::: Source material :::

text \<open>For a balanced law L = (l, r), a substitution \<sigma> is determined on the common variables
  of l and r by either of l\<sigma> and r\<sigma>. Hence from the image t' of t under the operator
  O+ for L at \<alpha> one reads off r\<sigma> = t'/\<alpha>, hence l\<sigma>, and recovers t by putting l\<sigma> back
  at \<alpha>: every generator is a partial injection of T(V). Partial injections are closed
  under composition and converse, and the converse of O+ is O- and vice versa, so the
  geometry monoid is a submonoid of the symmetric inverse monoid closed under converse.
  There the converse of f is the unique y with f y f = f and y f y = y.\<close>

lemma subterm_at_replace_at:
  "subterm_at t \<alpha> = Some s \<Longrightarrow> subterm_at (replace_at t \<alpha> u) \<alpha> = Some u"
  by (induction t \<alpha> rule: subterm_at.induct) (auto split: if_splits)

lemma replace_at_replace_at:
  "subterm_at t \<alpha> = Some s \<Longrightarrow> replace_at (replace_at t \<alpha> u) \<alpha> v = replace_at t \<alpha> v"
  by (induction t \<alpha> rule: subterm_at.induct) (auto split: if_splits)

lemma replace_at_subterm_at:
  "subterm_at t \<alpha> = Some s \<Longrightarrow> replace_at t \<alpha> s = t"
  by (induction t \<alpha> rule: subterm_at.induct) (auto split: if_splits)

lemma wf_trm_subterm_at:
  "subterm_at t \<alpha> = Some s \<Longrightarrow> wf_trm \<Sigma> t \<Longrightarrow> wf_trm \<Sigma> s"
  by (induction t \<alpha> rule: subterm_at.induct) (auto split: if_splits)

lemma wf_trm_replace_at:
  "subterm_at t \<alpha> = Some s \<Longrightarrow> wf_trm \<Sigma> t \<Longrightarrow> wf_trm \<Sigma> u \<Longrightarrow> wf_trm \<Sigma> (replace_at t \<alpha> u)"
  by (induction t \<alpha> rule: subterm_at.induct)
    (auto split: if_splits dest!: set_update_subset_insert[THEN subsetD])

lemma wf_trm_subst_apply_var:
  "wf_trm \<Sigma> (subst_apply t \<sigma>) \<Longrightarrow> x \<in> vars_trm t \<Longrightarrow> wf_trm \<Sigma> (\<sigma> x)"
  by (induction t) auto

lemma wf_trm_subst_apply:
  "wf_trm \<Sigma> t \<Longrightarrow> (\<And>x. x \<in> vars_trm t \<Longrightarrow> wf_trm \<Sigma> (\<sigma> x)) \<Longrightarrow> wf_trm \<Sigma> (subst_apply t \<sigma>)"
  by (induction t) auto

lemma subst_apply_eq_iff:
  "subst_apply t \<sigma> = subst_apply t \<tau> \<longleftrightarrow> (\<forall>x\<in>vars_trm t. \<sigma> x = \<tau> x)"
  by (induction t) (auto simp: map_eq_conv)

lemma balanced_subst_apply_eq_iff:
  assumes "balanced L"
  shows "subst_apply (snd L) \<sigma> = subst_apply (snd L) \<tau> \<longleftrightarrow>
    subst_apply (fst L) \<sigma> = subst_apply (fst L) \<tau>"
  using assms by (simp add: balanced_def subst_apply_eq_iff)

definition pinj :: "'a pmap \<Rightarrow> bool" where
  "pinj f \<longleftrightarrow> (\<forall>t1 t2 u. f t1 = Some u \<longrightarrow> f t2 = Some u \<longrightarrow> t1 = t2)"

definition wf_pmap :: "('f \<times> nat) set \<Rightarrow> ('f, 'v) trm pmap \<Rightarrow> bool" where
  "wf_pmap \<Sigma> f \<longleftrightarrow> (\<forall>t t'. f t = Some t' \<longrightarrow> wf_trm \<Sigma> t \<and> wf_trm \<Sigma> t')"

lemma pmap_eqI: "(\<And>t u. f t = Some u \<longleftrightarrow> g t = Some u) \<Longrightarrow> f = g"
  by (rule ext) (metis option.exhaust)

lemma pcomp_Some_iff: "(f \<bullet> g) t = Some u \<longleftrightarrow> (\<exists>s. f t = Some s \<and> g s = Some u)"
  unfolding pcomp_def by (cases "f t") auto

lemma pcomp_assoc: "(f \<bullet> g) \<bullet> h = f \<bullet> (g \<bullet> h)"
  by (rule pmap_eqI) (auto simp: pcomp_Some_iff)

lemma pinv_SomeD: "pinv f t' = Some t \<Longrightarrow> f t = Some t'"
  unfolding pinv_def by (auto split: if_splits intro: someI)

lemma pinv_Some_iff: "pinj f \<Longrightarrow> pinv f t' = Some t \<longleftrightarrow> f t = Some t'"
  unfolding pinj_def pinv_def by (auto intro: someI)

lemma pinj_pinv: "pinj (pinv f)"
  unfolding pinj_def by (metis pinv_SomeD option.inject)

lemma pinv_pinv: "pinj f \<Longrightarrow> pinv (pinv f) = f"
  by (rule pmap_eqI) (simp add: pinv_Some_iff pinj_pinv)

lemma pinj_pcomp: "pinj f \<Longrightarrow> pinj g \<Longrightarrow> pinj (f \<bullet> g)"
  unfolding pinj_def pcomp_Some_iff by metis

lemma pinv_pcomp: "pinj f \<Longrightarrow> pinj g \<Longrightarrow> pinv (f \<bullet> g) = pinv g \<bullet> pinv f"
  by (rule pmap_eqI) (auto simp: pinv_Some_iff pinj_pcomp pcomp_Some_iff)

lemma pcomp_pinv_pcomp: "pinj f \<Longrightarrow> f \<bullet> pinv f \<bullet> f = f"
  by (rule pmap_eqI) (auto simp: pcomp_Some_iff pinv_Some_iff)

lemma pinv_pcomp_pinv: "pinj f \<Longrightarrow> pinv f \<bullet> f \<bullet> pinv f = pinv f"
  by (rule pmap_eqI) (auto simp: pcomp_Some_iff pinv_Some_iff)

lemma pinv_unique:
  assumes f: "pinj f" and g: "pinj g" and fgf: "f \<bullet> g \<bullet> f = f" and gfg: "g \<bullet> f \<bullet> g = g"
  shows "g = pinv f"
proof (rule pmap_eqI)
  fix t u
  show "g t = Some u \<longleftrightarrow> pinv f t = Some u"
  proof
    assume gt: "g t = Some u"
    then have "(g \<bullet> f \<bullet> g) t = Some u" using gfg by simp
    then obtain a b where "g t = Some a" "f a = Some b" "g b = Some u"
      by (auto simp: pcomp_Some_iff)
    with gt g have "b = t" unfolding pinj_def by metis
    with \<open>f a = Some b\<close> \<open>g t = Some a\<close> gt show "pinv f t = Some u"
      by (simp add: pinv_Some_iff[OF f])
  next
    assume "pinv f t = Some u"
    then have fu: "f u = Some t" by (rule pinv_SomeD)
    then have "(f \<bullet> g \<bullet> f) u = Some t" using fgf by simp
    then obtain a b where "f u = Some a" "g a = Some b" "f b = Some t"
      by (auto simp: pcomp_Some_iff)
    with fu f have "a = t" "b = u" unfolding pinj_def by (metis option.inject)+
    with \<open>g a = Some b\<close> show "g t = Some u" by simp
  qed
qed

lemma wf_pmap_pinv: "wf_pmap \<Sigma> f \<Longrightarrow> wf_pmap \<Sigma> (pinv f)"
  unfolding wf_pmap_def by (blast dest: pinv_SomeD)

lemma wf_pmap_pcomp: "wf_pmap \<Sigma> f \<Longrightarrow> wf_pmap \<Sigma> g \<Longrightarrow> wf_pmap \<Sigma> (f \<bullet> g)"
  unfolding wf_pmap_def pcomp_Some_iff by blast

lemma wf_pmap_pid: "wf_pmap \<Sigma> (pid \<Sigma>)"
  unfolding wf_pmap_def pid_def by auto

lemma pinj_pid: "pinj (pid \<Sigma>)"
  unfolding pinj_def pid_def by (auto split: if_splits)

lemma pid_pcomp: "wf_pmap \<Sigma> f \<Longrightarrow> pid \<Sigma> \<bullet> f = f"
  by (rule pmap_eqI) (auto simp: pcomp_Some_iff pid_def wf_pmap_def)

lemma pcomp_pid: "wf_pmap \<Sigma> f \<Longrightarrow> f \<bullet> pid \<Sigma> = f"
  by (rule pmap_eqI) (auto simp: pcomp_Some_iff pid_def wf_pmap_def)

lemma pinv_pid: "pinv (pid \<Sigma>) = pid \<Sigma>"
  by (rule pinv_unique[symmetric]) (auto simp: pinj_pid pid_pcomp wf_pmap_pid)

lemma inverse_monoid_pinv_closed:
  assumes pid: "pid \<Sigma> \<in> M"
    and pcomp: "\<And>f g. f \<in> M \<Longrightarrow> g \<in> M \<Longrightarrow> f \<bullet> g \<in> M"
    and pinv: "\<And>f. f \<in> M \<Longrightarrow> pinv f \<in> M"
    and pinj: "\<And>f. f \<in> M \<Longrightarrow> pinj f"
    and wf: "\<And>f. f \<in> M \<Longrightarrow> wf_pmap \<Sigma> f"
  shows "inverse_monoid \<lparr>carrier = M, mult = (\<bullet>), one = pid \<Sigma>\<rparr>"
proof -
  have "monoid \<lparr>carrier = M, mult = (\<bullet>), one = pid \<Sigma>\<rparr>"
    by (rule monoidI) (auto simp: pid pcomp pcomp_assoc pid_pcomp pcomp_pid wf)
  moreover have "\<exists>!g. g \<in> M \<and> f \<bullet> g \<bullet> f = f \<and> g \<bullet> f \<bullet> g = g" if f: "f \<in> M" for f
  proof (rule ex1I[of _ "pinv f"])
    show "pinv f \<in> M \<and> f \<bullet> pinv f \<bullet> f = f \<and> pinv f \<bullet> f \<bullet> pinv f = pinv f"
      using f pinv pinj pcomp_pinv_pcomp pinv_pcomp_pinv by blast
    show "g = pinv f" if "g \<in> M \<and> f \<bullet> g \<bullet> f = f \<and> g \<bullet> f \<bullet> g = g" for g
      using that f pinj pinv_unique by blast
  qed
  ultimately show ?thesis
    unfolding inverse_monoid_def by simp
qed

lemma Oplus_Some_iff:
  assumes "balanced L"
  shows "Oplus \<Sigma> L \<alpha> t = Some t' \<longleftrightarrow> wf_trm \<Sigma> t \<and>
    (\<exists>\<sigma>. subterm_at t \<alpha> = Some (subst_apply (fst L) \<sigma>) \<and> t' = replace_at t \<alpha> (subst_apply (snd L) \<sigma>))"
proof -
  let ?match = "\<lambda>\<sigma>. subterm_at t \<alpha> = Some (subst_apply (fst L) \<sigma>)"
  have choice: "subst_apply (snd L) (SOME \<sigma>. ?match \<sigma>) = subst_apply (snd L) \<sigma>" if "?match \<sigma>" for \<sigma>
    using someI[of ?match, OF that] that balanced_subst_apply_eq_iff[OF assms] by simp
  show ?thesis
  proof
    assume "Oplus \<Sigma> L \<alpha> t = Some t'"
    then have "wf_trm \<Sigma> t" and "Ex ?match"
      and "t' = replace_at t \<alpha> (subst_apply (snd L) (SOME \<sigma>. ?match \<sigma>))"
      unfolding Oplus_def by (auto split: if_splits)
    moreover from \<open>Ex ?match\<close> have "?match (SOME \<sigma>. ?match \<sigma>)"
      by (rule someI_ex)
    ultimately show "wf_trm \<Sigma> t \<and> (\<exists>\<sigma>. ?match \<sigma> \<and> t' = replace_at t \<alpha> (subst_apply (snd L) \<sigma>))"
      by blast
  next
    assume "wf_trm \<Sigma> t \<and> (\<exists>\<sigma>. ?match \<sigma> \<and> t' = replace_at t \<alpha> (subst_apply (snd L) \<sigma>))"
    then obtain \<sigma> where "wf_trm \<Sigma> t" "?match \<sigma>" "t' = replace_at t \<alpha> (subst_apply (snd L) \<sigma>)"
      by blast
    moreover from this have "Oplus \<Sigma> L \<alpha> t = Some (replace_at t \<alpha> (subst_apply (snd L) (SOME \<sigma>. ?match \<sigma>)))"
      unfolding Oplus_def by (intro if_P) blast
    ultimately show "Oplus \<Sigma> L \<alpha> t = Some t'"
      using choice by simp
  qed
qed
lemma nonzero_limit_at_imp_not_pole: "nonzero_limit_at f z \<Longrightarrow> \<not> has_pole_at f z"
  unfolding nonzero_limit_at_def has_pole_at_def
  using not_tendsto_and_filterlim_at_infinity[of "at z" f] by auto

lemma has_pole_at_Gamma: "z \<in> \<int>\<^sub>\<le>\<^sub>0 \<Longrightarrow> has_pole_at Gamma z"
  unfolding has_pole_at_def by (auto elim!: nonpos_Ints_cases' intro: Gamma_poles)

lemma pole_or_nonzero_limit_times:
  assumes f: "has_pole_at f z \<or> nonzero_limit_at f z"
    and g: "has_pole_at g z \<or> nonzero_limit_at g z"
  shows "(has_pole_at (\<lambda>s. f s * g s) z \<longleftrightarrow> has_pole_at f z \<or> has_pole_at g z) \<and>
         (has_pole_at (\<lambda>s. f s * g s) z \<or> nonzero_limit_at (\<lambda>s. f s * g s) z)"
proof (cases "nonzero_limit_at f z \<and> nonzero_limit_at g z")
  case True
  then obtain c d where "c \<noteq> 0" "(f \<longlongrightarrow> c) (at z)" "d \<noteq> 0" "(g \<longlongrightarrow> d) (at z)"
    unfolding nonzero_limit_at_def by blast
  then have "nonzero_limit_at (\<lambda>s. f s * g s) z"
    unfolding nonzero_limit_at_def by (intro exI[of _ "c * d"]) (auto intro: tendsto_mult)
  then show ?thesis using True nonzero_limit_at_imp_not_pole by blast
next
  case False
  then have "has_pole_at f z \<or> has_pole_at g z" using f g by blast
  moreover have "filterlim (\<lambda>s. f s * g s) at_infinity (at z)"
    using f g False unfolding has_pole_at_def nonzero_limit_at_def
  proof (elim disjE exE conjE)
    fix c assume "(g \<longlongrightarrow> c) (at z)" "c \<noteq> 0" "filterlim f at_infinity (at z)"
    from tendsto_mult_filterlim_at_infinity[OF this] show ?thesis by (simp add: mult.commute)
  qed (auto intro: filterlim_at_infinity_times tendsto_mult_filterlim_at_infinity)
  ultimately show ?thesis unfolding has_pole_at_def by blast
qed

:::

# Required work:
Set down, exactly as written, each line of the data from its opening line through the one containing "replace_at (replace_at t". Output nothing more.

# Written solution:
text \<open>For a balanced law L = (l, r), a substitution \<sigma> is determined on the common variables
  of l and r by either of l\<sigma> and r\<sigma>. Hence from the image t' of t under the operator
  O+ for L at \<alpha> one reads off r\<sigma> = t'/\<alpha>, hence l\<sigma>, and recovers t by putting l\<sigma> back
  at \<alpha>: every generator is a partial injection of T(V). Partial injections are closed
  under composition and converse, and the converse of O+ is O- and vice versa, so the
  geometry monoid is a submonoid of the symmetric inverse monoid closed under converse.
  There the converse of f is the unique y with f y f = f and y f y = y.\<close>

lemma subterm_at_replace_at:
  "subterm_at t \<alpha> = Some s \<Longrightarrow> subterm_at (replace_at t \<alpha> u) \<alpha> = Some u"
  by (induction t \<alpha> rule: subterm_at.induct) (auto split: if_splits)

lemma replace_at_replace_at:
  "subterm_at t \<alpha> = Some s \<Longrightarrow> replace_at (replace_at t \<alpha> u) \<alpha> v = replace_at t \<alpha> v"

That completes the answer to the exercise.